Extracted records
────────────────────────────────────────

lemma card_le_of_diagonal_factorization:
  fixes a b :: "nat \<Rightarrow> 'i \<Rightarrow> 'b::field"
  assumes "finite S"
    and "\<And>k l. k \<in> S \<Longrightarrow> l \<in> S \<Longrightarrow> k \<noteq> l \<Longrightarrow> (\<Sum>j<n. a j k * b j l) = 0"
    and "\<And>k. k \<in> S \<Longrightarrow> (\<Sum>j<n. a j k * b j k) \<noteq> 0"
  shows "card S \<le> n"
  using assms
proof (induction n arbitrary: a S)
  case 0
  then have "S = {}" by auto
  then show ?case by simp
next
  case (Suc n)
  show ?case
  proof (cases "\<forall>k\<in>S. a n k = 0")
    case True
    then have "card S \<le> n" by (intro Suc.IH[of S a]) (use Suc.prems in auto)
    then show ?thesis by simp
  next
    case False
    then obtain k0 where k0: "k0 \<in> S" "a n k0 \<noteq> 0" by auto
    \<comment> \<open>Subtracting multiples of row \<open>k0\<close> kills the last coordinate and keeps the matrix
      diagonal on \<open>S - {k0}\<close>.\<close>
    define a' where "a' j k = a j k - (a n k / a n k0) * a j k0" for j k
    have a': "(\<Sum>j<n. a' j k * b j l) =
        (\<Sum>j<Suc n. a j k * b j l) - (a n k / a n k0) * (\<Sum>j<Suc n. a j k0 * b j l)" for k l
    proof -
      have "(\<Sum>j<n. a' j k * b j l) = (\<Sum>j<Suc n. a' j k * b j l)"
        using k0 by (simp add: a'_def)
      also have "\<dots> = (\<Sum>j<Suc n. a j k * b j l - (a n k / a n k0) * (a j k0 * b j l))"
        by (simp add: a'_def algebra_simps)
      also have "\<dots> = (\<Sum>j<Suc n. a j k * b j l) - (a n k / a n k0) * (\<Sum>j<Suc n. a j k0 * b j l)"
        by (simp only: sum_subtractf sum_distrib_left)
      finally show ?thesis .
    qed
    have "card (S - {k0}) \<le> n"
      by (rule Suc.IH[of "S - {k0}" a']) (use Suc.prems k0 in \<open>auto simp: a'\<close>)
    then show ?thesis using Suc.prems(1) k0(1) by simp
  qed
qed

lemma C0_tensor_translation_kernel:
  fixes f :: "'a::{topological_group_add,t2_space} \<Rightarrow> complex"
    and F \<phi> :: "nat \<Rightarrow> 'a \<Rightarrow> complex"
  assumes H: "compact_open_subgroup H" and K: "compact_open_subgroup K"
    and F: "\<And>i. i < N \<Longrightarrow> Cc (F i)" and \<phi>: "\<And>i. i < N \<Longrightarrow> continuous_on K (\<phi> i)"
    and expansion: "\<And>x k. k \<in> K \<Longrightarrow> f (x + k) = (\<Sum>i<N. F i x * \<phi> i k)"
  shows "C0_tensor (\<lambda>x y. f (x + y) * indicator H y)"
proof -
  define L where "L = H \<inter> K"
  have L: "subgroup_of L" "compact L" "open L"
    using compact_open_subgroupD[OF compact_open_subgroup_Int[OF H K]] by (simp_all add: L_def)
  have "subgroup_of H" "compact H" using compact_open_subgroupD[OF H] by simp_all
  obtain T where T: "finite T" "T \<subseteq> H" "H \<subseteq> (\<Union>t\<in>T. (+) t ` L)"
    and disj: "disjoint_family_on (\<lambda>t. (+) t ` L) T"
    by (rule compact_disjoint_coset_cover[OF L(1,3) \<open>compact H\<close>])
  have to_K: "- t + y \<in> K" if "y \<in> (+) t ` L" for t y
    using that by (auto simp: mem_left_coset_iff L_def)
  define u where "u a x = F (snd a) (x + fst a)" for a x
  define v where "v a y = \<phi> (snd a) (- fst a + y) * indicator ((+) (fst a) ` L) y" for a y
  have "C0_tensor (\<lambda>x y. \<Sum>a\<in>T \<times> {..<N}. u a x * v a y)"
  proof (rule C0_tensor_sum)
    fix a assume a: "a \<in> T \<times> {..<N}"
    then show "C0 (u a)" unfolding u_def by (intro Cc_imp_C0 Cc_translate F) auto
    have "continuous_on ((+) (fst a) ` L) (\<lambda>y. \<phi> (snd a) (- fst a + y))"
      using a to_K by (intro continuous_on_compose2[OF \<phi>]) (auto intro: continuous_intros)
    then show "C0 (v a)" unfolding v_def
      by (intro Cc_imp_C0 Cc_mult_indicator compact_left_coset open_left_coset L)
  qed (simp add: T(1) finite_cartesian_product)
  moreover have "f (x + y) * indicator H y = (\<Sum>a\<in>T \<times> {..<N}. u a x * v a y)" for x y
  proof (cases "y \<in> H")
    case True
    then obtain t where t: "t \<in> T" "y \<in> (+) t ` L" using T(3) by blast
    have "(\<Sum>a\<in>T \<times> {..<N}. u a x * v a y) =
        (\<Sum>s\<in>T. (\<Sum>i<N. F i (x + s) * \<phi> i (- s + y)) * indicator ((+) s ` L) y)"
      by (simp add: sum.cartesian_product' u_def v_def sum_distrib_right mult.assoc)
    also have "\<dots> = (\<Sum>i<N. F i (x + t) * \<phi> i (- t + y))"
      using sum_mult_indicator_disjoint[OF T(1) disj t] .
    also have "\<dots> = f ((x + t) + (- t + y))"
      using expansion to_K[OF t(2)] by simp
    finally show ?thesis using True by (simp add: add.assoc[symmetric])
  next
    case False
    have "y \<notin> (+) s ` L" if "s \<in> T" for s
    proof -
      have "(+) s ` L \<subseteq> H"
        using that T(2) by (intro left_coset_subset[OF \<open>subgroup_of H\<close>]) (auto simp: L_def)
      with False show ?thesis by blast
    qed
    then have "v a y = 0" if "a \<in> T \<times> {..<N}" for a
      using that by (auto simp: v_def)
    then show ?thesis using False by simp
  qed
  ultimately show ?thesis by simp
qed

────────────────────────────────────────

Only the lines above starting at the line that holds "H] by simp_all" and ending at the line that holds "by (simp add: sum.cartesian_product'" are to be repeated, exactly and in full.

  have "subgroup_of H" "compact H" using compact_open_subgroupD[OF H] by simp_all
  obtain T where T: "finite T" "T \<subseteq> H" "H \<subseteq> (\<Union>t\<in>T. (+) t ` L)"
    and disj: "disjoint_family_on (\<lambda>t. (+) t ` L) T"
    by (rule compact_disjoint_coset_cover[OF L(1,3) \<open>compact H\<close>])
  have to_K: "- t + y \<in> K" if "y \<in> (+) t ` L" for t y
    using that by (auto simp: mem_left_coset_iff L_def)
  define u where "u a x = F (snd a) (x + fst a)" for a x
  define v where "v a y = \<phi> (snd a) (- fst a + y) * indicator ((+) (fst a) ` L) y" for a y
  have "C0_tensor (\<lambda>x y. \<Sum>a\<in>T \<times> {..<N}. u a x * v a y)"
  proof (rule C0_tensor_sum)
    fix a assume a: "a \<in> T \<times> {..<N}"
    then show "C0 (u a)" unfolding u_def by (intro Cc_imp_C0 Cc_translate F) auto
    have "continuous_on ((+) (fst a) ` L) (\<lambda>y. \<phi> (snd a) (- fst a + y))"
      using a to_K by (intro continuous_on_compose2[OF \<phi>]) (auto intro: continuous_intros)
    then show "C0 (v a)" unfolding v_def
      by (intro Cc_imp_C0 Cc_mult_indicator compact_left_coset open_left_coset L)
  qed (simp add: T(1) finite_cartesian_product)
  moreover have "f (x + y) * indicator H y = (\<Sum>a\<in>T \<times> {..<N}. u a x * v a y)" for x y
  proof (cases "y \<in> H")
    case True
    then obtain t where t: "t \<in> T" "y \<in> (+) t ` L" using T(3) by blast
    have "(\<Sum>a\<in>T \<times> {..<N}. u a x * v a y) =
        (\<Sum>s\<in>T. (\<Sum>i<N. F i (x + s) * \<phi> i (- s + y)) * indicator ((+) s ` L) y)"
      by (simp add: sum.cartesian_product' u_def v_def sum_distrib_right mult.assoc)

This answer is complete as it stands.